Task to carry out
Each line holding the string "pairs" is to be copied from the data.

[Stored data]
------------

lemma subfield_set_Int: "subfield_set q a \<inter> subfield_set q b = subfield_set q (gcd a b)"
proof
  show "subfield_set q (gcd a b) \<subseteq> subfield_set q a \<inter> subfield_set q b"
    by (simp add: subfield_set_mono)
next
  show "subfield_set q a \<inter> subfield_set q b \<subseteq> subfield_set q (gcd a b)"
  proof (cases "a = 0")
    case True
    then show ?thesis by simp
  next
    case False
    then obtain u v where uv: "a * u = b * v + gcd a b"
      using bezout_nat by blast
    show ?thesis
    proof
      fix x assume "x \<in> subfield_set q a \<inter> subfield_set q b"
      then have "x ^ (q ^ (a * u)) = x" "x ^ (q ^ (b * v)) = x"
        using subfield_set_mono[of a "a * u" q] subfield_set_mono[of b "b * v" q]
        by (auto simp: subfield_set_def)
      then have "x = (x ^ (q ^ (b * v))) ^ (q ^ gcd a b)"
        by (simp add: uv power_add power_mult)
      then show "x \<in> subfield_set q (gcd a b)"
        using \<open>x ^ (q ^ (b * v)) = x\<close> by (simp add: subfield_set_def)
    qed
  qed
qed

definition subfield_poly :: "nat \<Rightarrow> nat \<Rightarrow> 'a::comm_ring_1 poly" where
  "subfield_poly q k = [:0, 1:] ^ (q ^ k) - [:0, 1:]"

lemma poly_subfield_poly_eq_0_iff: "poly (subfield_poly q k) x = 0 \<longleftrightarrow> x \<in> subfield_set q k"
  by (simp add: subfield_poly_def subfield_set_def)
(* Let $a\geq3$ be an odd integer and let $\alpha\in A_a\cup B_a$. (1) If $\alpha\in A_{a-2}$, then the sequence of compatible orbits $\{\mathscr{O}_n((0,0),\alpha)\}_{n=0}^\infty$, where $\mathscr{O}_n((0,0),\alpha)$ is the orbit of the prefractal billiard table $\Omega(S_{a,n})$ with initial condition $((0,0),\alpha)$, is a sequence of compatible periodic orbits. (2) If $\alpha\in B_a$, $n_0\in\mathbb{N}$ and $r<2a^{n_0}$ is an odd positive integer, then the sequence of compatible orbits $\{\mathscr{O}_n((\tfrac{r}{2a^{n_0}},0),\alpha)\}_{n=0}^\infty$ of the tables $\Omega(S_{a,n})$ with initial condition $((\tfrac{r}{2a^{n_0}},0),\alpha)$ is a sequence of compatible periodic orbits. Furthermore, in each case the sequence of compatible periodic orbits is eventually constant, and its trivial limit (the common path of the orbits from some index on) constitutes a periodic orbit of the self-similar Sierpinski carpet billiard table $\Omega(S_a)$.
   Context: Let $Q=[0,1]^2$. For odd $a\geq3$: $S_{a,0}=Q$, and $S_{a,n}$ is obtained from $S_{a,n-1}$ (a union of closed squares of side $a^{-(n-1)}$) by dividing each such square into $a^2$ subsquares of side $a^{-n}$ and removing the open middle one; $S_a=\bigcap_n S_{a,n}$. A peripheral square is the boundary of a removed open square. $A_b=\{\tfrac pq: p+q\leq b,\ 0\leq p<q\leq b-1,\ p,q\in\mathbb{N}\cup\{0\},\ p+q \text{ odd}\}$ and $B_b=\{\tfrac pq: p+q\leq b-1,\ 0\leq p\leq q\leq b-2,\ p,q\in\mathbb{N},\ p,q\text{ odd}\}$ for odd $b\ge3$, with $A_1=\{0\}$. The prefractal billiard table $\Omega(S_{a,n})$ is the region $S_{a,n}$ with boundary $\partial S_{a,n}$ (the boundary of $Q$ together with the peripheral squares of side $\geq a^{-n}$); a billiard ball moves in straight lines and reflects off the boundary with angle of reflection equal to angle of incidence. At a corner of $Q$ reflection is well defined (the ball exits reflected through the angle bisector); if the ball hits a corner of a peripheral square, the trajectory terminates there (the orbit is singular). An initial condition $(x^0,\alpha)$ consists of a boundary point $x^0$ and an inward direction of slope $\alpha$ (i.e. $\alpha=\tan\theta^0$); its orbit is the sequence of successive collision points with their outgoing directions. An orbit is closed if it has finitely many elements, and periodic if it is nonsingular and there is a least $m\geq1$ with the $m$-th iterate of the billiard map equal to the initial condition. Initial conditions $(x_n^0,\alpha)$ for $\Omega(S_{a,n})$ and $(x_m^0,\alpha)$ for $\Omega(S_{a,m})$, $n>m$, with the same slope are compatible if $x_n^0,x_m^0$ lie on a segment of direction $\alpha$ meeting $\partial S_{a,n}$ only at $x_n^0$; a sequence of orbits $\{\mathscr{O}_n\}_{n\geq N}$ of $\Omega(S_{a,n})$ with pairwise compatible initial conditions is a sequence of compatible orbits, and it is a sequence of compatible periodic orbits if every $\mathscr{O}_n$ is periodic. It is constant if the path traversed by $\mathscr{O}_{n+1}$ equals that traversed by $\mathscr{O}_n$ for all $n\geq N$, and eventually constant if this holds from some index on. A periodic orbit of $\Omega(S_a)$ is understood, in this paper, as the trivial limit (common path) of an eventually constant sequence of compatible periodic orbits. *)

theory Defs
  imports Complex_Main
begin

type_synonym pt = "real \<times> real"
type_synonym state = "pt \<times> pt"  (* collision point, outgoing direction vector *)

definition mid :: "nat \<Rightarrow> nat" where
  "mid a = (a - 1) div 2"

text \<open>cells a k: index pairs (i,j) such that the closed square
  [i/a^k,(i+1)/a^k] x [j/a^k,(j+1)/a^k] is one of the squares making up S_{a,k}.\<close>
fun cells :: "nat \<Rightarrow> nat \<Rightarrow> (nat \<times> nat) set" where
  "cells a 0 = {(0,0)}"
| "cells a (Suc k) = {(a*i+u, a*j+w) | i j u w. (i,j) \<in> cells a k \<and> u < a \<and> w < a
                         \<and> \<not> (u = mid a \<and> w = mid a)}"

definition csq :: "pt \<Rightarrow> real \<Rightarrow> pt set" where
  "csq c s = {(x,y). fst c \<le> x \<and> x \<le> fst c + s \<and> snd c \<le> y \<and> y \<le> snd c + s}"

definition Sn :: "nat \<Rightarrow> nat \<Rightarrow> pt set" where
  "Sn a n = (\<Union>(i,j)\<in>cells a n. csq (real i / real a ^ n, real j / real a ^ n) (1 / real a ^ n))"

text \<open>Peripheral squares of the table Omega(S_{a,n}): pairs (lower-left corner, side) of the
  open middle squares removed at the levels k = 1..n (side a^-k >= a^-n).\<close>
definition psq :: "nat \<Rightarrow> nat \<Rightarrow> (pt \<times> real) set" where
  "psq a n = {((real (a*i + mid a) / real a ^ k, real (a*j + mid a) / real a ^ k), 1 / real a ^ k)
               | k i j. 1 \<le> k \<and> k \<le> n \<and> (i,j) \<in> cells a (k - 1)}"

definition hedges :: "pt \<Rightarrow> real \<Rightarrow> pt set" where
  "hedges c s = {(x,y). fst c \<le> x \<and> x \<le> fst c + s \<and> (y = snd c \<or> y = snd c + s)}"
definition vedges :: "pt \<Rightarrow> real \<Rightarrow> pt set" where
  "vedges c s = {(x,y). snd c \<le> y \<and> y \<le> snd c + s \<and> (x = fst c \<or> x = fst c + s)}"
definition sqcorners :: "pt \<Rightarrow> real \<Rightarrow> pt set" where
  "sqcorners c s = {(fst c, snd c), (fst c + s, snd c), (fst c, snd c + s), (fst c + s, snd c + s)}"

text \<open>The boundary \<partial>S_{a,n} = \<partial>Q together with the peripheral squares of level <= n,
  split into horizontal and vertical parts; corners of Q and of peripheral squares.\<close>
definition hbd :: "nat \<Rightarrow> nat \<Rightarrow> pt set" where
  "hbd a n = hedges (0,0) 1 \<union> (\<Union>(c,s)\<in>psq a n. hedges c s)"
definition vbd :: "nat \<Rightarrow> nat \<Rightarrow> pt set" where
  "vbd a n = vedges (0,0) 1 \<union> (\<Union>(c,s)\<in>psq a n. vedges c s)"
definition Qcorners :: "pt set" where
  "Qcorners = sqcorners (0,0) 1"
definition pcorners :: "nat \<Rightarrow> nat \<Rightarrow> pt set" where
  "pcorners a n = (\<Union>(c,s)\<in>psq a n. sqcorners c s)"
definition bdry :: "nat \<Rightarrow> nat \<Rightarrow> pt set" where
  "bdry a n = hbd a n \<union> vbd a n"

------------

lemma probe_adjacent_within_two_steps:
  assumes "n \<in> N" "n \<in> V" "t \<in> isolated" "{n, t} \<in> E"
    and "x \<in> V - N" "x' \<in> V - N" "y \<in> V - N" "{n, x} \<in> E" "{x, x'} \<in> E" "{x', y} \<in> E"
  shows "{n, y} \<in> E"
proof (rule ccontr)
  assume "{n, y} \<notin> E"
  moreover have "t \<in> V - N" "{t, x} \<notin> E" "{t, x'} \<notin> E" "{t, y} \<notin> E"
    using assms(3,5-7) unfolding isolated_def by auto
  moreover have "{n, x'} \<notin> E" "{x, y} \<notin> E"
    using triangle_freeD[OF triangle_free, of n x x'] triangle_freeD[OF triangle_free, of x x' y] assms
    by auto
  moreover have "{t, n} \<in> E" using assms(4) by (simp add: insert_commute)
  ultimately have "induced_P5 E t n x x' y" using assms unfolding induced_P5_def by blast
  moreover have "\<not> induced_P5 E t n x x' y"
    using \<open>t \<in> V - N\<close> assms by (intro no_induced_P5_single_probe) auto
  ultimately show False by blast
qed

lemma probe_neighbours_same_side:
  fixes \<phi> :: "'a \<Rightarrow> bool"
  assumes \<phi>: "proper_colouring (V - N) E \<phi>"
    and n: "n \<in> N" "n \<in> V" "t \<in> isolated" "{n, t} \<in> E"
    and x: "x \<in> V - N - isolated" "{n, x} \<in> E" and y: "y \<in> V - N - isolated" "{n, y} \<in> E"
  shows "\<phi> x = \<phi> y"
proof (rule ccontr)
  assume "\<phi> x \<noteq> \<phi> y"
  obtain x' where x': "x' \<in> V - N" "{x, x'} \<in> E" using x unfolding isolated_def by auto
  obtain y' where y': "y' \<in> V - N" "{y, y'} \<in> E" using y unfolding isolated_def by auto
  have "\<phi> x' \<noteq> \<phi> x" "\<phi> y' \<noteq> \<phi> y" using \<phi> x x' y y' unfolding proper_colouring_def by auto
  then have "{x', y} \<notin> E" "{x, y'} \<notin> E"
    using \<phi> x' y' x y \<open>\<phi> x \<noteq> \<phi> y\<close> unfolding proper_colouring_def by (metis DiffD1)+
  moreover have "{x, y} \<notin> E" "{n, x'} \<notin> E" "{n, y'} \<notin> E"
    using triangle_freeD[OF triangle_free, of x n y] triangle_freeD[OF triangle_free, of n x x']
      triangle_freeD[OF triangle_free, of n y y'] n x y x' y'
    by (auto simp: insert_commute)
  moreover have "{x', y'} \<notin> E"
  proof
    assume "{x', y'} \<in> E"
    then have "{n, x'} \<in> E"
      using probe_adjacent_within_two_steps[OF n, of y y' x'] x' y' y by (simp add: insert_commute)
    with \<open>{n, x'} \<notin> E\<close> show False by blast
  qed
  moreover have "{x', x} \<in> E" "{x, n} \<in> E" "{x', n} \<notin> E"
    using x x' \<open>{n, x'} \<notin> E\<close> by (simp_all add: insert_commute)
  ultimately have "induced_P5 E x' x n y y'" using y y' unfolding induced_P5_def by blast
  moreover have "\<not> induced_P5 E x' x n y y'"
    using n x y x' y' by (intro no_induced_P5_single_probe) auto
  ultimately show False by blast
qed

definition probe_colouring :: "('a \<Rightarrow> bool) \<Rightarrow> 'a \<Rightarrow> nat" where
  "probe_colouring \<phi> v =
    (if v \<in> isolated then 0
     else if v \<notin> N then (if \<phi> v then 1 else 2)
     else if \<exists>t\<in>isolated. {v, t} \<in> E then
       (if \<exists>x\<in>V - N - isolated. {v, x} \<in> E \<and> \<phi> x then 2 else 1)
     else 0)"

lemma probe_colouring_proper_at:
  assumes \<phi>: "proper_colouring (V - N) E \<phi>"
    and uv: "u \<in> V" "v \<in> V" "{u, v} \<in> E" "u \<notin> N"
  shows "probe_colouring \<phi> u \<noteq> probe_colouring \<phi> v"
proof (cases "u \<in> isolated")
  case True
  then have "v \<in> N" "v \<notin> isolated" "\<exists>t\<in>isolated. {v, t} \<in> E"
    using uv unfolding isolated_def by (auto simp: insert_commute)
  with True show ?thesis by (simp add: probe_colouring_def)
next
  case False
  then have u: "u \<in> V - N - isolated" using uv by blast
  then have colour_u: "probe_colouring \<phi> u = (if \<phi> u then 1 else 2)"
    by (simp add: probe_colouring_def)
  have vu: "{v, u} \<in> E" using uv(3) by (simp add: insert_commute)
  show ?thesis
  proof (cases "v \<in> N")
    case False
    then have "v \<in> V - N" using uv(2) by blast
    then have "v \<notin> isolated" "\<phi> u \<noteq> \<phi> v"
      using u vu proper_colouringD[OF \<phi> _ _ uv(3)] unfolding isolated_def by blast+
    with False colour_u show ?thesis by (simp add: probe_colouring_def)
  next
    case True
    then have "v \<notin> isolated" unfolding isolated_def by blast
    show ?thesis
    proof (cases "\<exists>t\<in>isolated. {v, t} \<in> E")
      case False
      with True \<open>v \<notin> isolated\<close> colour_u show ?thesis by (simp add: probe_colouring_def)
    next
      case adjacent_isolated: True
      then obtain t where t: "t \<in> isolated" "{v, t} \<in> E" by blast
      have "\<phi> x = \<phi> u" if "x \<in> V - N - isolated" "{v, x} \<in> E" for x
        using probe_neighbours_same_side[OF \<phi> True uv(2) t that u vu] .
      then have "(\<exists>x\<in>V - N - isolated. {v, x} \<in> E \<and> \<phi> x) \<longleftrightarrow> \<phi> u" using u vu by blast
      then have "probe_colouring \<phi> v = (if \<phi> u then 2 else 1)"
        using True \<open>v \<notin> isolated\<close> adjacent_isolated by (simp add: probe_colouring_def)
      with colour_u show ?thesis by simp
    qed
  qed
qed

------------

Response below
text \<open>cells a k: index pairs (i,j) such that the closed square
text \<open>Peripheral squares of the table Omega(S_{a,n}): pairs (lower-left corner, side) of the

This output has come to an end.